Freunde von „Kampfhunden & Co“

SokaFreunde

Kampfhundefreunde NRW

Unter der Abkürzung „Soka“ verbirgt sich der Begriff „Sogenannter Kampfhund“.

Dank der Boulevardpresse & der aufgesprungenen Politik begann im Jahr 2000 nach einem schrecklichem Vorfall in Hamburg deutschlandweit eine Hetze und Diskriminierung bestimmter Hunderassen und deren Halter.

Grundlegend handelt es sich um diverse Rassen und deren Kreuzungen wie z.B. American Staffordshire Terrier, Bullterrier, American Bulldog, Rottweiler und noch weitere. Lt. der bestehenden Gesetzeslage wird unterschieden zwischen den gefährlichen Hunden (§3 z.B. Am.Staff., Standard Bullterrier) und Hunden bestimmter Rassen (§10 z.B. Rottweiler).

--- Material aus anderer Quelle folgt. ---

lemma good_leader_of_weak_pair:
  assumes prof: "ranking_profile C \<rho>" and C: "x \<in> C" "y \<in> C" "z \<in> C"
    and dist: "x \<noteq> y" "y \<noteq> z" "x \<noteq> z"
    and last: "sum \<rho> {r \<in> rankings C. prefers r y x \<and> prefers r z x} \<le> 1/3"
    and weak: "pref_weight C \<rho> x y < 1/3"
  shows "good_leader C \<rho> {x, y, z} y"
proof -
  have nonneg: "\<forall>r\<in>rankings C. 0 \<le> \<rho> r"
    using ranking_profile_nonneg[OF prof] .
  have yx: "2/3 < pref_weight C \<rho> y x"
    using pref_weight_swap[OF prof C(1,2) dist(1)] weak by linarith
  have yz: "1/3 \<le> pref_weight C \<rho> y z"
  proof (rule ccontr)
    assume "\<not> ?thesis"
    then have "2/3 < pref_weight C \<rho> z y"
      using pref_weight_swap[OF prof C(2,3) dist(2)] by linarith
    moreover have "pref_weight C \<rho> z y + pref_weight C \<rho> y x - 1
        \<le> sum \<rho> {r \<in> rankings C. prefers r z y \<and> prefers r y x}"
      using sum_filter_conj_ge[OF finite_rankings nonneg] ranking_profile_sum[OF prof]
      by (simp add: pref_weight_def)
    moreover have "sum \<rho> {r \<in> rankings C. prefers r z y \<and> prefers r y x}
        \<le> sum \<rho> {r \<in> rankings C. prefers r y x \<and> prefers r z x}"
      by (intro sum_filter_mono[OF finite_rankings nonneg]) (meson prefers_trans rankingsD(2))
    ultimately show False
      using yx last by linarith
  qed
  have "pref_weight C \<rho> y x \<le> sum \<rho> {r \<in> rankings C. \<exists>u\<in>{x, y, z} - {y}. prefers r y u}"
    unfolding pref_weight_def using dist by (intro sum_filter_mono[OF finite_rankings nonneg]) auto
  then show ?thesis
    using yx yz dist by (auto simp: good_leader_def)
qed

lemma good_leader_of_strong_pairs:
  assumes prof: "ranking_profile C \<rho>" and C: "x \<in> C" "y \<in> C" "z \<in> C"
    and dist: "x \<noteq> y" "y \<noteq> z" "x \<noteq> z"
    and last: "sum \<rho> {r \<in> rankings C. prefers r y x \<and> prefers r z x} \<le> 1/3"
    and strong: "1/3 \<le> pref_weight C \<rho> x y" "1/3 \<le> pref_weight C \<rho> x z"
  shows "good_leader C \<rho> {x, y, z} x"
proof -
  have "(\<Sum>r\<in>rankings C. \<rho> r * 1)
      \<le> (\<Sum>r\<in>rankings C. \<rho> r * (of_bool (prefers r y x \<and> prefers r z x)
                                  + of_bool (\<exists>u\<in>{y, z}. prefers r x u)))"
  proof (intro sum_mono mult_left_mono)
    fix r assume r: "r \<in> rankings C"
    then show "0 \<le> \<rho> r"
      using ranking_profile_nonneg[OF prof] by blast
    show "1 \<le> of_bool (prefers r y x \<and> prefers r z x) + (of_bool (\<exists>u\<in>{y, z}. prefers r x u) :: real)"
    proof (cases "\<exists>u\<in>{y, z}. prefers r x u")
      case False
      then have "prefers r y x \<and> prefers r z x"
        using prefers_total[of _ r] rankingsD(1)[OF r] C dist by blast
      then show ?thesis
        by simp
    qed simp
  qed
  then have "2/3 \<le> sum \<rho> {r \<in> rankings C. \<exists>u\<in>{y, z}. prefers r x u}"
    using last ranking_profile_sum[OF prof]
    by (simp add: sum_filter_of_bool sum.distrib distrib_left)
  moreover have "{x, y, z} - {x} = {y, z}"
    using dist by auto
  ultimately show ?thesis
    using strong by (simp add: good_leader_def)
qed

lemma good_leader_of_light_last:
  assumes prof: "ranking_profile C \<rho>" and C: "x \<in> C" "y \<in> C" "z \<in> C"
    and dist: "x \<noteq> y" "y \<noteq> z" "x \<noteq> z"
    and last: "sum \<rho> {r \<in> rankings C. prefers r y x \<and> prefers r z x} \<le> 1/3"
  shows "\<exists>c\<in>{x, y, z}. good_leader C \<rho> {x, y, z} c"
proof (cases "pref_weight C \<rho> x y < 1/3")
  case True
  then show ?thesis
    using good_leader_of_weak_pair[OF prof C dist last] by blast
next
  case xy: False
  show ?thesis
  proof (cases "pref_weight C \<rho> x z < 1/3")
    case True
    moreover have "sum \<rho> {r \<in> rankings C. prefers r z x \<and> prefers r y x} \<le> 1/3"
      using last by (simp add: conj_commute)
    ultimately have "good_leader C \<rho> {x, z, y} z"
      using dist by (intro good_leader_of_weak_pair[OF prof C(1,3,2)]) auto
    then show ?thesis
      by (auto simp: insert_commute)
  next
    case False
    then show ?thesis
      using good_leader_of_strong_pairs[OF prof C dist last] xy by auto
  qed
qed

lemma good_leader_exists:
  assumes prof: "ranking_profile C \<rho>" and D: "D \<subseteq> C" "card D = 3"
  shows "\<exists>c\<in>D. good_leader C \<rho> D c"
proof -
  obtain x y z where xyz: "D = {x, y, z}" and dist: "x \<noteq> y" "y \<noteq> z" "x \<noteq> z"
    using D(2) card_3_iff by metis
  then have C: "x \<in> C" "y \<in> C" "z \<in> C"
    using D(1) by auto
  define last where "last a b c = sum \<rho> {r \<in> rankings C. prefers r b a \<and> prefers r c a}" for a b c
  have "last x y z + last y x z + last z x y \<le> 1"
    using last_place_weights_le_one[OF prof, of y x z] by (simp add: last_def)
  then consider "last x y z \<le> 1/3" | "last y x z \<le> 1/3" | "last z x y \<le> 1/3"
    by linarith
  then show ?thesis
  proof cases
    case 1
    then show ?thesis
      using good_leader_of_light_last[OF prof C dist] unfolding xyz last_def by blast
  next
    case 2
    then have "\<exists>c\<in>{y, x, z}. good_leader C \<rho> {y, x, z} c"
      using dist by (intro good_leader_of_light_last[OF prof C(2,1,3)]) (auto simp: last_def)
    then show ?thesis
      unfolding xyz by (simp add: insert_commute)
  next
    case 3
    then have "\<exists>c\<in>{z, x, y}. good_leader C \<rho> {z, x, y} c"
      using dist by (intro good_leader_of_light_last[OF prof C(3,1,2)]) (auto simp: last_def)
    then show ?thesis
      unfolding xyz by (simp add: insert_commute)
  qed
qed

lemma leader_allocation_three:
  assumes prof: "ranking_profile C \<rho>" and D: "D \<subseteq> C" "card D = 3"
  shows "\<exists>c\<in>D. \<exists>\<psi>. unit_allocation (rankings C) (\<lambda>r. real (card D choose 2) * \<rho> r)
                      (\<lambda>y r. prefers r c y) (D - {c}) \<psi>"
proof -
  obtain c where c: "c \<in> D" and good: "good_leader C \<rho> D c"
    using good_leader_exists[OF prof D] by blast
  have "card (D - {c}) = 2"
    using D(2) c by (simp add: card_Diff_singleton_if)
  then obtain a b where ab: "D - {c} = {a, b}" "a \<noteq> b"
    using card_2_iff by metis
  have three: "real (card D choose 2) = 3"
    using D(2) by (simp add: numeral_3_eq_3 numeral_2_eq_2)
  have w: "\<forall>r\<in>rankings C. 0 \<le> 3 * \<rho> r"
    using ranking_profile_nonneg[OF prof] by simp
  have scaled: "sum (\<lambda>r. 3 * \<rho> r) {r \<in> rankings C. P r} = 3 * sum \<rho> {r \<in> rankings C. P r}" for P
    by (simp add: sum_distrib_left)
  have "{r \<in> rankings C. \<exists>u\<in>D - {c}. prefers r c u} = {r \<in> rankings C. prefers r c a \<or> prefers r c b}"
    unfolding ab by auto
  then have "2 \<le> sum (\<lambda>r. 3 * \<rho> r) {r \<in> rankings C. prefers r c a \<or> prefers r c b}"
    using good unfolding good_leader_def scaled by simp
  moreover have "1 \<le> sum (\<lambda>r. 3 * \<rho> r) {r \<in> rankings C. prefers r c y}" if "y \<in> {a, b}" for y
    using good that unfolding good_leader_def scaled pref_weight_def ab[symmetric] by (simp add: mult.commute)
  ultimately obtain \<psi> where "unit_allocation (rankings C) (\<lambda>r. 3 * \<rho> r) (\<lambda>y r. prefers r c y) {a, b} \<psi>"
    using unit_allocation_pair[OF finite_rankings w ab(2), where P = "\<lambda>y r. prefers r c y"] by blast
  then show ?thesis
    using c unfolding three ab[symmetric] by blast
qed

Die Anschaffung und Haltung eines dieser rassenzugehörigen Hundes unterliegt, abhängig je nach Bundesland, diversen Auflagen, die zwingend zu erfüllen sind. Da wir der Ansicht sind, dass der Begriff „Kampfhund“ durch die Geschichte anderweitig geprägt wurde, lehnen wir diesen missverständlichen „Titel“ ab und verwenden lieber, aufgrund der bestehenden Rasselisten, den Begriff „Listenhund“.

Wer sind wir und wofür setzen wir uns ein?

Alles begann Ende 2008 in Düsseldorf am Rheinufer.

Eine kleine Gruppe von betroffenen Privatpersonen schlossen sich zusammen, um bei einer friedlichen Demonstration auf die vorhandene Diskriminierung durch die Vorurteile und Benachteiligungen in der Öffentlichkeit aufmerksam zu machen. Seitdem organisieren wir jährlich die Demonstrationsveranstaltung „Soka Run NRW“ in Düsseldorf.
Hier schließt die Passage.